Apolipoprotein E is a glycoprotein best known as a mediator and regulator of lipid transport and uptake. The APOE-ε4 allele has long been associated with increased risks of Alzheimer's disease and ...mortality, but the effect of the less prevalent APOE-ε2 allele on diseases in the elderly and survival remains elusive.
We aggregated data of 38,537 individuals of European ancestry (mean age 65.5 years; 55.6% women) from six population-based cohort studies (Rotterdam Study, AGES-Reykjavik Study, Cardiovascular Health Study, Health-ABC Study, and the family-based Framingham Heart Study and Long Life Family Study) to determine the association of APOE, and in particular APOE-ε2, with survival in the population.
During a mean follow-up of 11.7 years, 17,021 individuals died.
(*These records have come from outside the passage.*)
(* Assume (A.1)–(A.6), and assume moreover that the stochastic function values have bounded variance: $\mathbb{E}_{\xi_t}|f(x_t;\xi_t)-f(x_t)|^2\le\sigma_f^2$ for all $t$. Run the SG-SAV iteration with $r_0=\sqrt{f(x_0)+c}$ for $T\ge1$ steps, and suppose the learning rate $\eta>0$ satisfies $$C_1\sqrt\eta+C_2\eta+C_3\le0,$$ where, with $F(x_0):=\sqrt{f(x_0)+c}$, $$C_1=F(x_0)\sqrt{T\Big(\frac{\gamma^2}{8a^3}\sigma_f^2+\frac1{2a}\sigma_0^2\Big)},\qquad C_2=\frac{L_F\,F(x_0)^2}{2},\qquad C_3=\frac{\sigma_f}{2\sqrt a}-\frac{\sqrt a}{2}.$$ Then $\mathbb{E}[r_T]\ge\frac{\sqrt a}{2}>0$.
   Context: Let $f:\mathbb{R}^d\to\mathbb{R}$ be continuously differentiable and let $c\ge0$ be a constant with $f^*:=\inf_{x}f(x)>-c$. Let $\xi_0,\xi_1,\dots$ be random variables (mini-batch samples). For each $x\in\mathbb{R}^d$ and sample $\xi$, let $f(x;\xi)\in\mathbb{R}$ be a stochastic function value and $G(x;\xi)\in\mathbb{R}^d$ a stochastic gradient. Write $G_t:=G(x_t;\xi_t)$ and $\tilde F_t:=\sqrt{f(x_t;\xi_t)+c}$. Given $x_0\in\mathbb{R}^d$, a scalar $r_0$ and a learning rate $\eta>0$, the SG-SAV iteration defines $(x_{t+1},r_{t+1})$ for $t\ge0$ as the solution of the (linear) system $$x_{t+1}=x_t-\eta\,\frac{r_{t+1}}{\tilde F_t}\,G_t,\qquad r_{t+1}=r_t+\frac{1}{2\tilde F_t}\langle G_t,\,x_{t+1}-x_t\rangle .$$ Assumptions: (A.1) the $\xi_t$ are mutually independent and independent of $x_t$; (A.2) $\mathbb{E}_{\xi_t}[G_t]=\nabla f(x_t)$ and $\mathbb{E}_{\xi_t}[f(x_t;\xi_t)]=f(x_t)$, where $\mathbb{E}_{\xi_t}$ is expectation over $\xi_t$ conditioned on $\xi_0,\dots,\xi_{t-1}$; (A.3) there is $\sigma_0$ with $\mathbb{E}_{\xi_t}\|G(x_t;\xi_t)-\nabla f(x_t)\|^2\le\sigma_0^2$ for all $t$; (A.4) there are constants $0<a\le B$ with $a\le f(x)+c\le B$ and $a\le f(x;\xi)+c\le B$ for all $x,\xi$; (A.5) there is $\gamma$ with $\|\nabla f(x)\|^2\le\gamma^2$ for all $x$; (A.6) $\nabla f$ is $L$-Lipschitz. Let $F(x):=\sqrt{f(x)+c}$, $F_*:=\sqrt{f^*+c}$, and $L_F:=\frac{1}{2F_*}\Big(L+\frac{\gamma^2}{2F_*^2}\Big)$ (a Lipschitz constant of $\nabla F$). *)

theory Defs
  imports "HOL-Probability.Probability"
begin

text \<open>History sigma-algebra generated by the samples xi_0, ..., xi_(t-1).
  Conditional expectation given it is the paper's E_{xi_t}.\<close>
definition hist_alg :: "'w measure \<Rightarrow> 'b measure \<Rightarrow> (nat \<Rightarrow> 'w \<Rightarrow> 'b) \<Rightarrow> nat \<Rightarrow> 'w measure" where
  "hist_alg M S xi t =
     sigma (space M) {xi i -` A \<inter> space M | i A. i < t \<and> A \<in> sets S}"

definition Fstar :: "('a \<Rightarrow> real) \<Rightarrow> real \<Rightarrow> real" where
  "Fstar f c = sqrt ((INF x. f x) + c)"

definition LF :: "('a \<Rightarrow> real) \<Rightarrow> real \<Rightarrow> real \<Rightarrow> real \<Rightarrow> real" where
  "LF f c L \<gamma> = (1 / (2 * Fstar f c)) * (L + \<gamma>\<^sup>2 / (2 * (Fstar f c)\<^sup>2))"

end

theory Submission
  imports Defs
begin

text \<open>
  Along every sample path the SAV variable r tracks F = sqrt (f + c) from below.  The descent
  lemma for F, whose gradient is L_F-Lipschitz, and the SAV update give
  F(x_{t+1}) - r_{t+1} \<le> F(x_t) - r_t + <e_t, x_{t+1} - x_t> + L_F/2 |x_{t+1} - x_t|^2,
  where e_t is the error of the normalised stochastic gradient, while the update itself gives
  |x_{t+1} - x_t|^2 \<le> \<eta> (r_t^2 - r_{t+1}^2).  Young's inequality with a free weight l > 0
  and telescoping yield
  r_T \<ge> sqrt a - (l + L_F)/2 \<eta> r_0^2 - \<Sum>_t |e_t|^2 / (2 l),
  and the two variance bounds give E |e_t|^2 \<le> \<kappa> := \<gamma>^2 \<sigma>_f^2 / (8 a^3) + \<sigma>_0^2 / (2 a).
  Taking expectations and optimising over l gives
  E r_T \<ge> sqrt a - L_F/2 \<eta> r_0^2 - r_0 sqrt (T \<kappa> \<eta>),
  which the learning-rate condition bounds below by sqrt a / 2.  As the error term is absorbed
  by Young's inequality rather than cancelled in expectation, neither unbiasedness (A.2) nor
  independence (A.1) is needed.
\<close>

lemma lipschitz_of_gradient_bound:
  fixes f :: "'a::real_inner \<Rightarrow> real"
  assumes grad: "\<And>y. (f has_derivative (\<lambda>h. gradf y \<bullet> h)) (at y)"
    and bound: "\<And>y. norm (gradf y) \<le> G"
  shows "\<bar>f y - f z\<bar> \<le> G * norm (y - z)"
proof -
  have "norm (f y - f z) \<le> G * norm (y - z)"
  proof (rule differentiable_bound[where S=UNIV and f'="\<lambda>y h. gradf y \<bullet> h"])
    fix w :: 'a
    show "(f has_derivative (\<lambda>h. gradf w \<bullet> h)) (at w within UNIV)" using grad by simp
    have "onorm (\<lambda>h. gradf w \<bullet> h) \<le> norm (gradf w)"
      by (rule onorm_bound) (auto simp: Cauchy_Schwarz_ineq2)
    then show "onorm (\<lambda>h. gradf w \<bullet> h) \<le> G" using bound order_trans by blast
  qed auto
  then show ?thesis by simp
qed

lemma inner_le_weighted_squares:
  fixes u v :: "'a::real_inner"
  assumes "0 < l"
  shows "u \<bullet> v \<le> (norm u)\<^sup>2 / (2 * l) + l * (norm v)\<^sup>2 / 2"
proof -
  have "l * (u \<bullet> v) = ((norm u)\<^sup>2 + l\<^sup>2 * (norm v)\<^sup>2 - (norm (u - l *\<^sub>R v))\<^sup>2) / 2"
    using dot_norm_neg[of u "l *\<^sub>R v"] by (simp add: power_mult_distrib)
  then have "u \<bullet> v = ((norm u)\<^sup>2 + l\<^sup>2 * (norm v)\<^sup>2 - (norm (u - l *\<^sub>R v))\<^sup>2) / (2 * l)"
    using assms by (simp add: field_simps)
  also have "\<dots> \<le> ((norm u)\<^sup>2 + l\<^sup>2 * (norm v)\<^sup>2) / (2 * l)"
    using assms by (intro divide_right_mono) auto
  also have "\<dots> = (norm u)\<^sup>2 / (2 * l) + l * (norm v)\<^sup>2 / 2"
    using assms by (simp add: field_simps power2_eq_square)
  finally show ?thesis .
qed

lemma norm_diff_scaleR_inverse_sqrt_le:
  fixes u v :: "'a::real_normed_vector" and P Q s :: real
  assumes s: "0 < s" and P: "s\<^sup>2 \<le> P" and Q: "s\<^sup>2 \<le> Q"
  shows "norm ((1 / (2 * sqrt P)) *\<^sub>R u - (1 / (2 * sqrt Q)) *\<^sub>R v)
         \<le> norm (u - v) / (2 * s) + norm u * \<bar>P - Q\<bar> / (4 * s ^ 3)"
proof -
  define p q where "p = sqrt P" and "q = sqrt Q"
  have sp: "s \<le> p" and sq: "s \<le> q"
    using real_sqrt_le_mono[OF P] real_sqrt_le_mono[OF Q] s by (simp_all add: p_def q_def)
  have pq: "0 < p" "0 < q" using sp sq s by linarith+
  have sq_pq: "p\<^sup>2 = P" "q\<^sup>2 = Q"
    using P Q s unfolding p_def q_def by (simp_all add: order_trans[OF zero_le_power2])
  have diff: "\<bar>P - Q\<bar> = \<bar>q - p\<bar> * (p + q)"
  proof -
    have "P - Q = (p - q) * (p + q)"
      unfolding sq_pq[symmetric] by (simp add: algebra_simps power2_eq_square)
    then show ?thesis using pq by (simp add: abs_mult abs_minus_commute)
  qed
  have "norm ((1 / (2 * p)) *\<^sub>R u - (1 / (2 * q)) *\<^sub>R v)
      = norm ((1 / (2 * q)) *\<^sub>R (u - v) + ((q - p) / (2 * p * q)) *\<^sub>R u)"
    using pq by (simp add: field_simps scaleR_diff_right flip: scaleR_add_left)
  also have "\<dots> \<le> norm ((1 / (2 * q)) *\<^sub>R (u - v)) + norm (((q - p) / (2 * p * q)) *\<^sub>R u)"
    by (rule norm_triangle_ineq)
  also have "\<dots> = norm (u - v) / (2 * q) + \<bar>q - p\<bar> * norm u / (2 * p * q)"
    using pq by (simp add: abs_mult)
  also have "\<dots> \<le> norm (u - v) / (2 * s) + \<bar>P - Q\<bar> * norm u / (2 * p * q * (p + q))"
  proof (rule add_mono)
    show "norm (u - v) / (2 * q) \<le> norm (u - v) / (2 * s)"
      using s sq by (intro divide_left_mono) auto
    show "\<bar>q - p\<bar> * norm u / (2 * p * q) \<le> \<bar>P - Q\<bar> * norm u / (2 * p * q * (p + q))"
    proof -
      have "\<bar>P - Q\<bar> * norm u / (2 * p * q * (p + q))
          = (\<bar>q - p\<bar> * norm u) * (p + q) / ((2 * p * q) * (p + q))"
        unfolding diff by (simp add: ac_simps)
      also have "\<dots> = \<bar>q - p\<bar> * norm u / (2 * p * q)"
        using pq by (intro nonzero_mult_divide_mult_cancel_right) simp
      finally show ?thesis by simp
    qed
  qed
  also have "\<dots> \<le> norm (u - v) / (2 * s) + norm u * \<bar>P - Q\<bar> / (4 * s ^ 3)"
  proof -
    have "2 * s * s * (s + s) \<le> 2 * p * q * (p + q)"
      using s sp sq by (intro mult_mono add_mono) auto
    then have "\<bar>P - Q\<bar> * norm u / (2 * p * q * (p + q)) \<le> \<bar>P - Q\<bar> * norm u / (2 * s * s * (s + s))"
      using s pq by (intro divide_left_mono mult_pos_pos add_pos_pos) auto
    also have "\<dots> = norm u * \<bar>P - Q\<bar> / (4 * s ^ 3)"
      by (simp add: power3_eq_cube ac_simps)
    finally show ?thesis by simp
  qed
  finally show ?thesis unfolding p_def q_def .
qed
Compared with homozygous APOE-ε3 carriers, APOE-ε2 carriers were at lower risk of death (hazard ratio,95% confidence interval: 0.94,0.90-0.99; P = 1.1*10-2), whereas APOE-ε4 carriers were at increased risk of death (HR 1.17,1.12-1.21; P = 2.8*10-16). APOE was associated with mortality risk in a dose-dependent manner, with risk estimates lowest for homozygous APOE-ε2 (HR 0.89,0.74-1.08), and highest for homozygous APOE-ε4 (HR 1.52,1.37-1.70). After censoring for dementia, effect estimates remained similar for APOE-ε2 (HR 0.95,0.90-1.01), but attenuated for APOE-ε4 (HR 1.07,1.01-1.12). Results were broadly similar across cohorts, and did not differ by age or sex. APOE genotype was associated with baseline lipid fractions (e.g. mean difference(95%CI) in LDL(mg/dL) for ε2 versus ε33: -17.1(-18.1-16.0), and ε4 versus ε33: +5.7(4.8;6.5)), but the association between APOE and mortality was unaltered after adjustment for baseline LDL or cardiovascular disease. Given the European ancestry of the study population, results may not apply to other ethnicities.
Compared with APOE-ε3, APOE-ε2 is associated with prolonged survival, whereas mortality risk is increased for APOE-ε4 carriers. Further collaborative efforts are needed to unravel the role of APOE and in particular APOE-ε2 in health and disease.